Imagine you have a small computer with you at all times. At your fingertips, you have access to vast amounts of world knowledge in seconds. In fact, you can do almost anything through it, including talk and shop.
Yet scrolling through your Facebook feed has become a replacement for socializing, and ordering online has become the new shopping. The virtual has been replacing the real and we´ve hardly noticed.
Now imagine that this device is also laced with sensors that can track your moods, whereabouts, contacts, and your health.
This is the reality of smartphones and laptops; they are two way mirrors. Not so different from the television in 1984 where the TV watches you watching it, your smartphone, through various apps and websites, is collecting every word you type in private texts and Google searches. It is accessing your cameras and microphone and assessing your mood and reactions to various stimuli. Through your smartphone, third parties collect information on where you go, even when you have your ¨location¨ turned off, what shops and restaruants you go to, what you eat, how often others text you, if you return phone calls, your financial stability, and so on.
After collecting the data, third parties process it through machine learning algorithms, turning it into thousands of data points, and creating in-depth profiles about each individual that can be purchased by potential employers, landlords, lenders, and of course, in a world where corporations and government not only share close ties but where the latter funds the former and their interests become indistinguishable, this data and the conclusions about behaviors, personalities and trends gleaned from it are easily accessed by governments and their corresponding intelligence agencies.

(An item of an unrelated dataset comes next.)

(* Consider three sets of variables $v^\alpha,u^\alpha,w^\alpha$ ($1\le\alpha\le N$) and rational Miura transformations $v^\alpha\mapsto u^\alpha(v^*_*;\varepsilon)$ and $u^\alpha\mapsto w^\alpha(u^*_*;\varepsilon)$ such that $$\frac{\partial u^\alpha(v^*_*;\varepsilon)}{\partial v^1}=\delta^{\alpha,1},\quad\frac{\partial u^\alpha(v^*_*;\varepsilon)^{\mathrm{pol}}}{\partial v^1_x}=0,\quad\frac{\partial w^\alpha(u^*_*;\varepsilon)}{\partial u^1}=\delta^{\alpha,1},\quad\frac{\partial w^\alpha(u^*_*;\varepsilon)^{\mathrm{pol}}}{\partial u^1_x}=0.$$ Then the polynomial part of the composition $v^\alpha\mapsto w^\alpha(u^*_*(v^*_*;\varepsilon);\varepsilon)$ is equal to the composition of the polynomial parts $v^\alpha\mapsto u^\alpha(v^*_*;\varepsilon)^{\mathrm{pol}}$ and $u^\alpha\mapsto w^\alpha(u^*_*;\varepsilon)^{\mathrm{pol}}$.
   Context: For variables $v^\alpha_k$ ($v^\alpha=v^\alpha_0$, $v^\alpha_x=v^\alpha_1$): $\mathcal A_v$ = polynomials in $v^\alpha_k$, $k>0$, over $\mathbb C[[v^1,\dots,v^N]]$, graded by $\deg v^\alpha_k=k$; $\deg\varepsilon=-1$. $\mathcal A^{\mathrm{rt},[d]}_v$: span of $\sum_{i\ge m}\frac{P_i(v^*_* )}{(v^1_x)^i}$ with $m\in\mathbb Z$, $P_i\in\mathcal A^{[d+i]}_v$, $\partial P_i/\partial v^1_x=0$ (interpreted as formal power series in $v^\alpha_n-\delta^{\alpha,1}\delta_{n,1}$); $\mathcal A^{\mathrm{rt}}_v=\bigoplus_d\mathcal A^{\mathrm{rt},[d]}_v$; polynomial part $\big(\sum_{i\ge m}P_i/(v^1_x)^i\big)^{\mathrm{pol}}=\sum_{i=m}^0P_i/(v^1_x)^i\in\mathcal A_v$; $\widehat{\mathcal A}^{\mathrm{rt}}_v=\mathcal A^{\mathrm{rt}}_v[[\varepsilon]]$, polynomial part taken coefficientwise. Tame: there is $C$ such that no $P_i$ depends on $v^\alpha_k$ with $k>C$ (for each $\varepsilon$-coefficient); $\widehat{\mathcal A}^{\mathrm{rt},\mathrm t,[d]}_v$ = tame elements of degree $d$. A rational Miura transformation is $v^\alpha\mapsto v^\alpha+\varepsilon f^\alpha(v^*_*;\varepsilon)$, $f^\alpha\in\widehat{\mathcal A}^{\mathrm{rt},\mathrm t,[1]}_v$; these form a group (composition is by substitution), and the polynomial part of a rational Miura transformation is an ordinary Miura transformation. The same notations apply to $u$ and $w$. *)

theory Defs
  imports Complex_Main "HOL-Library.Poly_Mapping" "HOL-Library.Product_Lexorder"
begin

As Shoshana Zuboff documents in her book Surveillance Capitalism, the nascent Internet of Things (think a smart coffee maker that also has a mic and camera, and tracks every time you make coffee; a smart heating system that can also track your movements in your home, etc, all sold to consumers under the guise of technological progress and convenience), which aims to become ubiquitous, where our physical reality is lined with sensors that gather all sorts of data about us and our environment, is the logical extension of the smartphone.

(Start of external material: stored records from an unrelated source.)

lemma nn_integral_harm_Beta_kernel:
  assumes x: "x > 0" and l: "0 < l" "l < 1"
  shows "(\<integral>\<^sup>+t. ennreal (indicator {0..1} t * (harm t x * (t powr (l - 1) * (1 - t) powr (- l)))) \<partial>lborel)
           = ennreal (x powr l * Beta l (1 - l))"
proof -
  define D where "D t = (1 - t) * x + t" for t
  define \<phi> where "\<phi> t = t / D t" for t
  define \<phi>' where "\<phi>' t = x / (D t)\<^sup>2" for t
  define f where "f s = s powr (l - 1) * (1 - s) powr (- l)" for s :: real
  have D_pos: "t \<in> {0..1} \<Longrightarrow> D t > 0" for t
    using harm_denom_pos[OF x] by (simp add: D_def)
  have \<phi>_ends: "\<phi> 0 = 0" "\<phi> 1 = 1"
    by (simp_all add: \<phi>_def D_def)
  have subst: "(\<integral>\<^sup>+s. ennreal (f s * indicator {\<phi> 0..\<phi> 1} s) \<partial>lborel)
             = (\<integral>\<^sup>+t. ennreal (f (\<phi> t) * \<phi>' t * indicator {0..1} t) \<partial>lborel)"
  proof (rule nn_integral_substitution)
    show "set_borel_measurable borel {\<phi> 0..\<phi> 1} f"
      unfolding set_borel_measurable_def f_def by measurable
    fix t :: real assume t: "t \<in> {0..1}"
    have "(\<phi> has_real_derivative (1 * D t - t * ((0 - 1) * x + 1)) / (D t * D t)) (at t)"
      unfolding \<phi>_def D_def using D_pos[OF t] unfolding D_def
      by (auto intro!: derivative_eq_intros)
    then show "(\<phi> has_real_derivative \<phi>' t) (at t)"
      by (simp add: \<phi>'_def D_def power2_eq_square algebra_simps)
    show "\<phi>' t \<ge> 0"
      by (simp add: \<phi>'_def x less_imp_le)
  next
    show "continuous_on {0..1} \<phi>'"
      unfolding \<phi>'_def D_def by (intro continuous_intros) (use harm_denom_pos[OF x] in fastforce)
  qed simp
  have Beta: "(\<integral>\<^sup>+s. ennreal (f s * indicator {0..1} s) \<partial>lborel) = ennreal (Beta l (1 - l))"
    using nn_integral_has_integral_lebesgue[OF _ has_integral_Beta_real[of l "1 - l"]] l
    by (simp add: f_def mult.commute)
  have kernel: "indicator {0..1} t * (harm t x * (t powr (l - 1) * (1 - t) powr (- l)))
                  = x powr l * (f (\<phi> t) * \<phi>' t * indicator {0..1} t)" for t
  proof (cases "0 < t \<and> t < 1")
    case True
    then show ?thesis
      using Beta_kernel_harm_substitution[OF x, of t l] x
      by (simp add: f_def \<phi>_def \<phi>'_def D_def)
  next
    case False
    then consider "t \<notin> {0..1}" | "t = 0" | "t = 1" by fastforce
    then show ?thesis
      by cases (simp_all add: f_def \<phi>_def \<phi>'_def D_def)
  qed
  have "(\<integral>\<^sup>+t. ennreal (indicator {0..1} t * (harm t x * (t powr (l - 1) * (1 - t) powr (- l)))) \<partial>lborel)
          = ennreal (x powr l) * (\<integral>\<^sup>+t. ennreal (f (\<phi> t) * \<phi>' t * indicator {0..1} t) \<partial>lborel)"
    unfolding kernel ennreal_mult'[OF powr_ge_zero]
    by (rule nn_integral_cmult) (simp add: f_def \<phi>_def \<phi>'_def D_def)
  also have "\<dots> = ennreal (x powr l) * ennreal (Beta l (1 - l))"
    unfolding subst[symmetric] \<phi>_ends Beta ..
  finally show ?thesis
    by (simp add: ennreal_mult')
qed

lemma nn_integral_harm_g_integrand:
  assumes x: "x > 0" and l: "0 < l" "l < 1"
  shows "(\<integral>\<^sup>+t. ennreal (indicator {0..1} t * (harm t x * g_integrand t l)) \<partial>lborel) = ennreal (x powr l)"
proof -
  define c where "c = sin (l * pi) / pi"
  have c: "c > 0"
    using l by (simp add: c_def sin_gt_zero)
  have pw: "indicator {0..1} t * (harm t x * g_integrand t l)
          = c * (indicator {0..1} t * (harm t x * (t powr (l - 1) * (1 - t) powr (- l))))" for t
    by (cases "t \<in> {0..1}") (simp_all add: g_integrand_eq_Beta_kernel c_def)
  have "(\<integral>\<^sup>+t. ennreal (indicator {0..1} t * (harm t x * g_integrand t l)) \<partial>lborel)
      = ennreal c * (\<integral>\<^sup>+t. ennreal (indicator {0..1} t * (harm t x * (t powr (l - 1) * (1 - t) powr (- l)))) \<partial>lborel)"
    unfolding pw ennreal_mult'[OF less_imp_le[OF c]]
    by (rule nn_integral_cmult) (simp add: harm_def)
  also have "(\<integral>\<^sup>+t. ennreal (indicator {0..1} t * (harm t x * (t powr (l - 1) * (1 - t) powr (- l)))) \<partial>lborel)
      = ennreal (x powr l * Beta l (1 - l))"
    by (rule nn_integral_harm_Beta_kernel[OF x l])
  also have "ennreal c * ennreal (x powr l * Beta l (1 - l)) = ennreal (c * (x powr l * Beta l (1 - l)))"
    using c by (simp add: ennreal_mult')
  also have "c * (x powr l * Beta l (1 - l)) = x powr l"
    using l sin_gt_zero[of "pi * l"] by (simp add: c_def Beta_one_minus mult.commute)
  finally show ?thesis .
qed

lemma nn_integral_g_integrand:
  assumes "t \<in> {0..1}"
  shows "(\<integral>\<^sup>+l. ennreal (indicator {0..1} l * g_integrand t l) \<partial>lborel) = ennreal (g_dens t)"
proof (cases "t = 0 \<or> t = 1")
  case True
  then show ?thesis
    by (auto simp: g_integrand_at_ends g_dens_at_ends)
next
  case False
  with assms have "0 < t" "t < 1" by auto
  then show ?thesis
    unfolding g_dens_def set_lebesgue_integral_def
    using g_dens_closed_form(1)[of t]
    by (subst nn_integral_eq_integral)
       (auto simp: set_integrable_def indicator_def g_integrand_nonneg intro!: AE_I2)
qed

lemma borel_measurable_g_dens: "g_dens \<in> borel_measurable lborel"
proof -
  have "(\<lambda>(t, l). indicator {0..1} l *\<^sub>R g_integrand t l) \<in> borel_measurable (lborel \<Otimes>\<^sub>M lborel)"
    unfolding g_integrand_def by measurable
  then show ?thesis
    unfolding g_dens_def set_lebesgue_integral_def by (rule lborel.borel_measurable_lebesgue_integral)
qed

This is the real reason for the US´ banning of Huawei, which is competing with American telecommunications companies for control of 5G networks across the globe. The IoT capabilities enabled by 5G will provide unprecedented, fertile ground for the capture and commodification of data.
Yes, this data is used for marketing on a mass scale, and it is by this logic that companies legitimize its collection; however it is only logical that the same information would be used to track and stifle dissent.
The intelligence community´s relationship with private contractors is extensive, not only for gleaning behavioral data about individuals through companies such as Google. We know about their relationship through leaks by the likes of Edward Snowden and the less well-known case of Jeremy Hammond. Since the early 2000s, private contractors such as Stratfor specifically have specifically targeted activists such as those involved in Occupy, those seeking reparations for environmental disasters, and even monitor PETA activists on behalf of major industry players such as Dow Chemical and Coca-Cola, with the stated intent to influence our behavior.
Our smartphones not only collect data about us. In a world where we spend increasing amounts of our time online, they actively shape our realities. According to these same inputs, based on the behavioral data collected, apps and the Internet can be used to shape your experience, controlling what you see, your search results and your newsfeed based not only on what you want to see, but on what it wants you to see.
In this way our smartphones are so much more than a two-way mirror of 1984. The television is not only watching you watching it; Big Brother is controlling what you watch, changing the channel without you noticing.
1984 has come and passed; our reality is much more sinister.